%%

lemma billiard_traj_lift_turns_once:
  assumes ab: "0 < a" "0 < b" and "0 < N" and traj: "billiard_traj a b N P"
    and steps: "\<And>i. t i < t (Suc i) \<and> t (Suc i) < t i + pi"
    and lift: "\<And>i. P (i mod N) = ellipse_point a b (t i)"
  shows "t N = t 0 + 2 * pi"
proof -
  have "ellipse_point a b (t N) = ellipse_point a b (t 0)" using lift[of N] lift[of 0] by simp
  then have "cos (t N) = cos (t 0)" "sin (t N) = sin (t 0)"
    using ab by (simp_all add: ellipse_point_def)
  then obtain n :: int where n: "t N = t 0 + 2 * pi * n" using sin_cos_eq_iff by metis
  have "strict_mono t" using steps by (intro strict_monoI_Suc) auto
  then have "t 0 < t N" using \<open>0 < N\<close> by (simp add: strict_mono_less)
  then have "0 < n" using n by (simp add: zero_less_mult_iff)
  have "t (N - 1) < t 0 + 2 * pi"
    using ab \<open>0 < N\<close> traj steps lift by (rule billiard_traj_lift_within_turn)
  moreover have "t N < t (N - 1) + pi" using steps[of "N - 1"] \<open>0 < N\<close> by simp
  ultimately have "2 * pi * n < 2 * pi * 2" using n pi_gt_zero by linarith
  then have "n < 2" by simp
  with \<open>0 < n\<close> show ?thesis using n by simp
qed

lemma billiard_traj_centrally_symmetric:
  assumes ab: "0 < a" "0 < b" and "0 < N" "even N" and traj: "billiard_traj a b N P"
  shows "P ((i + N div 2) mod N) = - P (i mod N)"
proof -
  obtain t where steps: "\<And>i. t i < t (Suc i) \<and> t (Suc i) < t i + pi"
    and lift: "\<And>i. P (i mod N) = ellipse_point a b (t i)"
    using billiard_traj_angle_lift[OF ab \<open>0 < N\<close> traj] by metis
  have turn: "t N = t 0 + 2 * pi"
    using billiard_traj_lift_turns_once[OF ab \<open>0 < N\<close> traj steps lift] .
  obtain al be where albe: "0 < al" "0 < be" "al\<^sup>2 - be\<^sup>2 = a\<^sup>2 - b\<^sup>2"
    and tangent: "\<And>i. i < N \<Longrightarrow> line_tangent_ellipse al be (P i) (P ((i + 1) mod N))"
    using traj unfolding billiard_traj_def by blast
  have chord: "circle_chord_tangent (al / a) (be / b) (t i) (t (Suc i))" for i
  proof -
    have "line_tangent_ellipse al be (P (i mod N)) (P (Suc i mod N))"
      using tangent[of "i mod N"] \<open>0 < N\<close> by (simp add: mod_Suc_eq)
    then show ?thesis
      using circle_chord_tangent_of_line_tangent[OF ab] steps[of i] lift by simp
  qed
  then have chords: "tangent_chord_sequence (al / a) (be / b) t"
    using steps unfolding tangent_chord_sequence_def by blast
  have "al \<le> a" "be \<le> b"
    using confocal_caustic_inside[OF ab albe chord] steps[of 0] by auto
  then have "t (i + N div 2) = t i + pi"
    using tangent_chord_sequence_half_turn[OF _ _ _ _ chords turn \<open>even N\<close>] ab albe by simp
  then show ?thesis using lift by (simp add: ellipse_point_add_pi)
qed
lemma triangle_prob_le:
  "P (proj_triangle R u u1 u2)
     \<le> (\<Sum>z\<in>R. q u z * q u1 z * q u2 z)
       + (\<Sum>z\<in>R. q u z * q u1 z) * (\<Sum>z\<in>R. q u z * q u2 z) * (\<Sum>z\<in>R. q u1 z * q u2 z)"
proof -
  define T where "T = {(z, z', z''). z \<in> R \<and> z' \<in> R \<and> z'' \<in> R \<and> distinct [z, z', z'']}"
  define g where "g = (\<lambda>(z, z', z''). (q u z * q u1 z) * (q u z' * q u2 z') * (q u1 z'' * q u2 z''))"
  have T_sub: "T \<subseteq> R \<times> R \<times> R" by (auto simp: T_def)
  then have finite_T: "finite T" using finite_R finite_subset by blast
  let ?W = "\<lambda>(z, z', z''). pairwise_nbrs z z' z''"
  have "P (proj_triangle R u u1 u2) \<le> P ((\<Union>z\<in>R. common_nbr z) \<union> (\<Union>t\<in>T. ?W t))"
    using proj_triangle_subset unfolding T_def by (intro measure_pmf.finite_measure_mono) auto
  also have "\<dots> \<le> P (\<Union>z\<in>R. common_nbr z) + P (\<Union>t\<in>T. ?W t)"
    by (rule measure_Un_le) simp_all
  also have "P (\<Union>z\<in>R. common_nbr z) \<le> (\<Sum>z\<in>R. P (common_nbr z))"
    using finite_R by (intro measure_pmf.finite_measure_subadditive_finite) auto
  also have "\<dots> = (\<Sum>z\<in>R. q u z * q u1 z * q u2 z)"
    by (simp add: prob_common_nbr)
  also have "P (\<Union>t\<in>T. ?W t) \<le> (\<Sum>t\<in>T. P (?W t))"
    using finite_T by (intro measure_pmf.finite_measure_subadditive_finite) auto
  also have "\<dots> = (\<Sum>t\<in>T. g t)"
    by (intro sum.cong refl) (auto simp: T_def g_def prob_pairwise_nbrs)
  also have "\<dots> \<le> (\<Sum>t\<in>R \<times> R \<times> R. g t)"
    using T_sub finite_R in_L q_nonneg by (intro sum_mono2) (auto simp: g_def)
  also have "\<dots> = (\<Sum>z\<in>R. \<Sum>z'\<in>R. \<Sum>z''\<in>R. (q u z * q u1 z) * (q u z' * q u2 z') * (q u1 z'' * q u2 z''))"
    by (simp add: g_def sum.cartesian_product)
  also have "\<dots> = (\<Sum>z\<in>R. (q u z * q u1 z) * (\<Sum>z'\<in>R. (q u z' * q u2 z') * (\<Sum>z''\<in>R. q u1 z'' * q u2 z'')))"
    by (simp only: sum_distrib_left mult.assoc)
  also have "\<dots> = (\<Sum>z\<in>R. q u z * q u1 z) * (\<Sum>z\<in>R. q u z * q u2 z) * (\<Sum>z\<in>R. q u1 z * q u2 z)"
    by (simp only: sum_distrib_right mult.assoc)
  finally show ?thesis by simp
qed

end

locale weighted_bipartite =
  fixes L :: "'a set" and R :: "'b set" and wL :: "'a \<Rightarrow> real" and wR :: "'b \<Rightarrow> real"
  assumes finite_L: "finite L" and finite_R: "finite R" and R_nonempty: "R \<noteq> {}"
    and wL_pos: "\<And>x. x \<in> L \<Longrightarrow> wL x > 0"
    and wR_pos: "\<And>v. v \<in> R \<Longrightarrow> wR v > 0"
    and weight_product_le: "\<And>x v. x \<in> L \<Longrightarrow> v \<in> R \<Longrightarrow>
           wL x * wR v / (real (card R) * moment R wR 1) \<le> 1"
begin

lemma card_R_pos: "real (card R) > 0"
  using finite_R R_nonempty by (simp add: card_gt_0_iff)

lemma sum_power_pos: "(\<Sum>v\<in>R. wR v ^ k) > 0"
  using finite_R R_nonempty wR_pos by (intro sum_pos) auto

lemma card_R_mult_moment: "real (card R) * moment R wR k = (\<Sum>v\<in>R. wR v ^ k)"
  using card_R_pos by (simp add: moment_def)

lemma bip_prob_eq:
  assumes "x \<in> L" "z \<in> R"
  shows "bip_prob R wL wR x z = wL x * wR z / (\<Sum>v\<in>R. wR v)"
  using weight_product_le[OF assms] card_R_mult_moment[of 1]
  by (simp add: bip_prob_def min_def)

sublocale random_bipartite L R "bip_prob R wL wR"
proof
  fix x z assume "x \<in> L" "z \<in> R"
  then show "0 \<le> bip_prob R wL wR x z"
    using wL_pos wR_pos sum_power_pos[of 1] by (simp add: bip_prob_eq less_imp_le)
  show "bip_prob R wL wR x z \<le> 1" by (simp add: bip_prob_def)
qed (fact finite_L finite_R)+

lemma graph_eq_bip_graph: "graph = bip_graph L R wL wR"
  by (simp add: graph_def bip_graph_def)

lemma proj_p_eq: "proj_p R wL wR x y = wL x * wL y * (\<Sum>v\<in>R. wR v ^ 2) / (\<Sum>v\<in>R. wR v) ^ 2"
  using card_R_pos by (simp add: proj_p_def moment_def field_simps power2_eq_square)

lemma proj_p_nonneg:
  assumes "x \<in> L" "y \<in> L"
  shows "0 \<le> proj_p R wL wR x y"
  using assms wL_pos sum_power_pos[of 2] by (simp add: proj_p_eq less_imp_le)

%%

EXERCISE BRIEF: Would you show all lines of the material above that contain the word "define"?

ANSWER:
  define T where "T = {(z, z', z''). z \<in> R \<and> z' \<in> R \<and> z'' \<in> R \<and> distinct [z, z', z'']}"
  define g where "g = (\<lambda>(z, z', z''). (q u z * q u1 z) * (q u z' * q u2 z') * (q u1 z'' * q u2 z''))"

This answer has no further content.